Did you just inherit a small battery factory, or are you piddling around in your garage?


----------



## Dan Borer (Feb 6, 2009)

Sounds like a lot of work and expense. I put 4 Costco 6V golf cart batteries in my Mountaineer and have in excess of 400AH available. We recently returned from a 4 day dry camping trip and still had over 50% power available. There were 3 of us and we weren't shy about using the interior and exterior lights, TV and satellite since I carried along the generator just in case the batteries ran low. I did remove 1 bulb from each double bulb light fixture and still had more than enough light. Batteries are permanently mounted in the forward compartment and use the factory installed battery vent system. Quick, simple, relatively inexpensive and more than adequate!

Dan


----------



## raynardo (Jun 8, 2007)

We spent two nights this past weekend boondocking in the desert. I have two Costco 6v golf cart batteries to run things. But I also have a 85 watt solar panel to keep everything charged up, so I never had to turn on generator at all. Watched a ton of TV (via an HD satellite dish, a HD DirecTV DVR, and a Naxa 24" HD TV) on Saturday - football games, movies, probably 10 hours in all waiting until the midnight hour so I could go outside to watch the Leonid meteor shower (a bust - only saw 6 in an hour).

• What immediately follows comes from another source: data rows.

(* Let $\Gamma$ and $\tilde\Gamma$ be two generalized cospectral signed bipartite graphs with a common characteristic polynomial $\phi(x)$ that is irreducible over $\mathbb{Q}$. Suppose their adjacency matrices are $$A=A(\Gamma)=\begin{bmatrix} O & M\\ M^{\mathrm T} & O\end{bmatrix},\qquad \tilde A=A(\tilde\Gamma)=\begin{bmatrix} O & \tilde M\\ \tilde M^{\mathrm T} & O\end{bmatrix}.$$ Then there exists a regular orthogonal matrix $Q$ such that $Q^{\mathrm T}AQ=\tilde A$, where $$Q=\begin{bmatrix} Q_1 & O\\ O & Q_2\end{bmatrix}\quad\text{or}\quad Q=\begin{bmatrix} O & Q_1\\ Q_2 & O\end{bmatrix},$$ with $Q_1$ and $Q_2$ regular rational orthogonal matrices.
   Context: A signed graph is a simple graph with each edge assigned a sign $\pm1$; its adjacency matrix has entry equal to the sign of the edge for adjacent vertices and $0$ otherwise. A signed bipartite graph is a signed graph whose underlying graph is bipartite; the vertices are ordered so that the adjacency matrix has the displayed block form. Two signed graphs with adjacency matrices $A,\tilde A$ are generalized cospectral if $\det(xI-A)=\det(xI-\tilde A)$ and $\det(xI-(J-I-A))=\det(xI-(J-I-\tilde A))$, $J$ the all-ones matrix. A square matrix $Q$ is orthogonal if $Q^{\mathrm T}Q=I$, rational if all entries are rational, and regular if $Qe=e$, where $e$ is the all-ones vector. *)

theory Defs
  imports "Jordan_Normal_Form.Char_Poly" "HOL-Computational_Algebra.Polynomial_Factorial"
begin

text \<open>Adjacency matrix of a signed bipartite graph whose vertex classes have sizes p and q,
  in the block form [O M; M^T O], with M a p x q matrix with entries in {-1,0,1}
  (entry 0: no edge; entry +-1: edge with that sign).\<close>
definition signed_bip_adj :: "nat \<Rightarrow> nat \<Rightarrow> int mat \<Rightarrow> int mat" where
  "signed_bip_adj p q M = four_block_mat (0\<^sub>m p p) M (transpose_mat M) (0\<^sub>m q q)"

definition sign_block :: "nat \<Rightarrow> nat \<Rightarrow> int mat \<Rightarrow> bool" where
  "sign_block p q M \<longleftrightarrow> M \<in> carrier_mat p q \<and>
     (\<forall>i<p. \<forall>j<q. M $$ (i,j) \<in> {-1, 0, 1})"

definition all_ones_mat :: "nat \<Rightarrow> 'a::one mat" ("J\<^sub>m") where
  "J\<^sub>m n = mat n n (\<lambda>_. 1)"

definition gen_cospectral :: "int mat \<Rightarrow> int mat \<Rightarrow> bool" where
  "gen_cospectral A B \<longleftrightarrow>
     char_poly A = char_poly B \<and>
     char_poly (J\<^sub>m (dim_row A) - 1\<^sub>m (dim_row A) - A) = char_poly (J\<^sub>m (dim_row B) - 1\<^sub>m (dim_row B) - B)"

definition orthogonal_mat :: "'a::comm_ring_1 mat \<Rightarrow> bool" where
  "orthogonal_mat Q \<longleftrightarrow> Q \<in> carrier_mat (dim_row Q) (dim_row Q) \<and>
     transpose_mat Q * Q = 1\<^sub>m (dim_row Q)"

definition regular_mat :: "'a::comm_ring_1 mat \<Rightarrow> bool" where
  "regular_mat Q \<longleftrightarrow> Q *\<^sub>v vec (dim_col Q) (\<lambda>_. 1) = vec (dim_row Q) (\<lambda>_. 1)"

end

(*
  Since the characteristic polynomial phi is irreducible over Q, every nonzero vector, in
  particular the all-ones vector e, is cyclic for A and for its cospectral mate B.  Generalized
  cospectrality gives det(y - A + J) = det(y - B + J); as this determinant equals
  phi(y) + e^T adj(y - A) e, the walk counts e^T A^k e and e^T B^k e coincide.  Hence the map
  h(B) e |-> h(A) e is a regular rational orthogonal Q with A Q = Q B.  An orthogonal matrix
  commuting with A is a polynomial f(A) with f^2 = 1 modulo phi, hence +-1, so Q is unique up
  to sign.  The diagonal matrices D = diag(I_p, -I_q) and D' = diag(I_p', -I_q') anticommute
  with A and B, so D Q D' also conjugates A to B, whence D Q D' = +-Q.  This gives the block
  shape of Q, and counting sum_ij D_ii Q_ij^2 by rows and by columns gives p - q = +-(p' - q').
*)
theory Submission
  imports Defs "HOL-Computational_Algebra.Field_as_Ring"
begin

section \<open>Orthogonal and regular matrices\<close>

definition ones_vec :: "nat \<Rightarrow> 'a::one vec" where
  "ones_vec n = vec n (\<lambda>_. 1)"

lemma ones_vec_carrier [simp]: "ones_vec n \<in> carrier_vec n"
  by (simp add: ones_vec_def)

lemma ones_vec_nonzero: "0 < n \<Longrightarrow> ones_vec n \<noteq> (0\<^sub>v n :: 'a::zero_neq_one vec)"
  by (auto simp: ones_vec_def vec_eq_iff)

lemma regular_mat_iff: "Q \<in> carrier_mat nr nc \<Longrightarrow> regular_mat Q \<longleftrightarrow> Q *\<^sub>v ones_vec nc = ones_vec nr"
  by (simp add: regular_mat_def ones_vec_def)

lemma mat_eq_by_mult_vec:
  fixes M N :: "'a::semiring_1 mat"
  assumes M: "M \<in> carrier_mat nr n" and N: "N \<in> carrier_mat nr n"
    and eq: "\<And>v. v \<in> carrier_vec n \<Longrightarrow> M *\<^sub>v v = N *\<^sub>v v"
  shows "M = N"
proof (rule eq_matI)
  fix i j assume "i < dim_row N" "j < dim_col N"
  hence "i < nr" "j < n" using N by auto
  hence "(M *\<^sub>v unit_vec n j) $ i = (N *\<^sub>v unit_vec n j) $ i" using eq[of "unit_vec n j"] by simp
  thus "M $$ (i,j) = N $$ (i,j)" using M N \<open>i < nr\<close> \<open>j < n\<close> by simp
qed (use M N in auto)

lemma vec_eq_by_scalar_prod:
  fixes x y :: "'a::semiring_1 vec"
  assumes x: "x \<in> carrier_vec n" and y: "y \<in> carrier_vec n"
    and eq: "\<And>w. w \<in> carrier_vec n \<Longrightarrow> x \<bullet> w = y \<bullet> w"
  shows "x = y"
proof (rule eq_vecI)
  fix i assume "i < dim_vec y"
  hence i: "i < n" using y by simp
  show "x $ i = y $ i"
    using eq[of "unit_vec n i"] scalar_prod_right_unit[OF i, of x] scalar_prod_right_unit[OF i, of y]
      x y by simp
qed (use x y in auto)

lemma orthogonal_mat_scalar_prod:
  fixes Q :: "'a::comm_ring_1 mat"
  assumes Q: "Q \<in> carrier_mat n n" and orth: "orthogonal_mat Q"
    and u: "u \<in> carrier_vec n" and w: "w \<in> carrier_vec n"
  shows "(Q *\<^sub>v u) \<bullet> (Q *\<^sub>v w) = u \<bullet> w"
proof -
  have "(Q *\<^sub>v u) \<bullet> (Q *\<^sub>v w) = (transpose_mat Q *\<^sub>v (Q *\<^sub>v u)) \<bullet> w"
    by (rule transpose_vec_mult_scalar[OF Q w, symmetric]) (use Q u in simp)
  also have "\<dots> = ((transpose_mat Q * Q) *\<^sub>v u) \<bullet> w"
    using Q u by (subst assoc_mult_mat_vec[of _ n n _ n]) auto
  also have "transpose_mat Q * Q = 1\<^sub>m n" using orth Q by (simp add: orthogonal_mat_def)
  finally show ?thesis using u by simp
qed

lemma orthogonal_matI_scalar_prod:
  fixes Q :: "'a::comm_ring_1 mat"
  assumes Q: "Q \<in> carrier_mat n n"
    and pres: "\<And>u w. u \<in> carrier_vec n \<Longrightarrow> w \<in> carrier_vec n \<Longrightarrow> (Q *\<^sub>v u) \<bullet> (Q *\<^sub>v w) = u \<bullet> w"
  shows "orthogonal_mat Q"
proof -
  have "transpose_mat Q * Q = 1\<^sub>m n"
  proof (rule mat_eq_by_mult_vec)
    fix v :: "'a vec" assume v: "v \<in> carrier_vec n"
    show "(transpose_mat Q * Q) *\<^sub>v v = 1\<^sub>m n *\<^sub>v v"
    proof (rule vec_eq_by_scalar_prod)
      fix w :: "'a vec" assume w: "w \<in> carrier_vec n"
      have "((transpose_mat Q * Q) *\<^sub>v v) \<bullet> w = (transpose_mat Q *\<^sub>v (Q *\<^sub>v v)) \<bullet> w"
        using Q v by (subst assoc_mult_mat_vec[of _ n n _ n]) auto
      also have "\<dots> = (Q *\<^sub>v v) \<bullet> (Q *\<^sub>v w)" by (rule transpose_vec_mult_scalar[OF Q w]) (use Q v in simp)
      finally show "((transpose_mat Q * Q) *\<^sub>v v) \<bullet> w = (1\<^sub>m n *\<^sub>v v) \<bullet> w" using pres[OF v w] v by simp
    qed (use Q v in auto)
  qed (use Q in auto)
  thus ?thesis using Q by (simp add: orthogonal_mat_def)
qed

lemma orthogonal_mat_mult_transpose:
  assumes "(Q :: 'a::field mat) \<in> carrier_mat n n" and "orthogonal_mat Q"
  shows "Q * transpose_mat Q = 1\<^sub>m n"
  using assms mat_mult_left_right_inverse[of "transpose_mat Q" n Q] by (simp add: orthogonal_mat_def)

lemma orthogonal_mat_mult:
  fixes Q R :: "'a::comm_ring_1 mat"
  assumes Q: "Q \<in> carrier_mat n n" "orthogonal_mat Q" and R: "R \<in> carrier_mat n n" "orthogonal_mat R"
  shows "orthogonal_mat (Q * R)"
proof -
  have "transpose_mat (Q * R) * (Q * R) = transpose_mat R * (transpose_mat Q * Q) * R"
    using Q R by (simp add: transpose_mult[of _ n n _ n] assoc_mult_mat[of _ n n _ n _ n])
  thus ?thesis using Q R by (simp add: orthogonal_mat_def)
qed

lemma sum_lessThan_eq_block:
  fixes f :: "nat \<Rightarrow> 'a::comm_monoid_add"
  assumes "r + m \<le> n" and "\<And>k. k < n \<Longrightarrow> k < r \<or> r + m \<le> k \<Longrightarrow> f k = 0"
  shows "(\<Sum>k<n. f k) = (\<Sum>k<m. f (r + k))"
proof -
  have "(\<Sum>k<n. f k) = (\<Sum>k\<in>{r..<r + m}. f k)"
    using assms by (intro sum.mono_neutral_right) auto
  also have "\<dots> = (\<Sum>k<m. f (r + k))"
    using sum.shift_bounds_nat_ivl[of f 0 r m] by (simp add: lessThan_atLeast0 add.commute)
  finally show ?thesis .
qed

I'm sold on a properly installed solar system!

Oh yeah, ALL my interior lights are LED's so I'm not too concerned with their power consumption.


----------



## KTMRacer (Jun 28, 2010)

Insomniak said:


> Appliance or Accessory / Estimated Amps
> Aisle Light 1 Amp
> CO Detector 1 Amp
> Fluorescent Light 1-2 Amps
> ...


A group 24 battery generally provides around 85aH, while group 27 gives 115-135aH. Paralleled together you would have approximately 170-270aH. Two 6 volt Trojans wired in series will give you about 220aH with better deep-cycling characteristics.

Did you just inherit a small battery factory, or are you piddling around in your garage?
[/quote]

x2 on the 6V golf cart batteries. Talking to a Trojan rep, and looking at Trojan data, going to 50% discharge on Trojan golf carts is a very mild discharge for camping cycle life. In fact even discharging to 20% of capacity (80% discharged), T-125 trojan golf cart batteries are good for hundreds of charge discharge cycles. I have set that has been charged at 65-90A and discharged usually to 30-40% or capacity (discharged 60-70%) and they are going strong after 8 years. Cycle them probably 50 times/year. BTW don't try to discharge 12V batteries, even trojan deep discharge below 50%, they will quickly loose capacity per the Trojan rep.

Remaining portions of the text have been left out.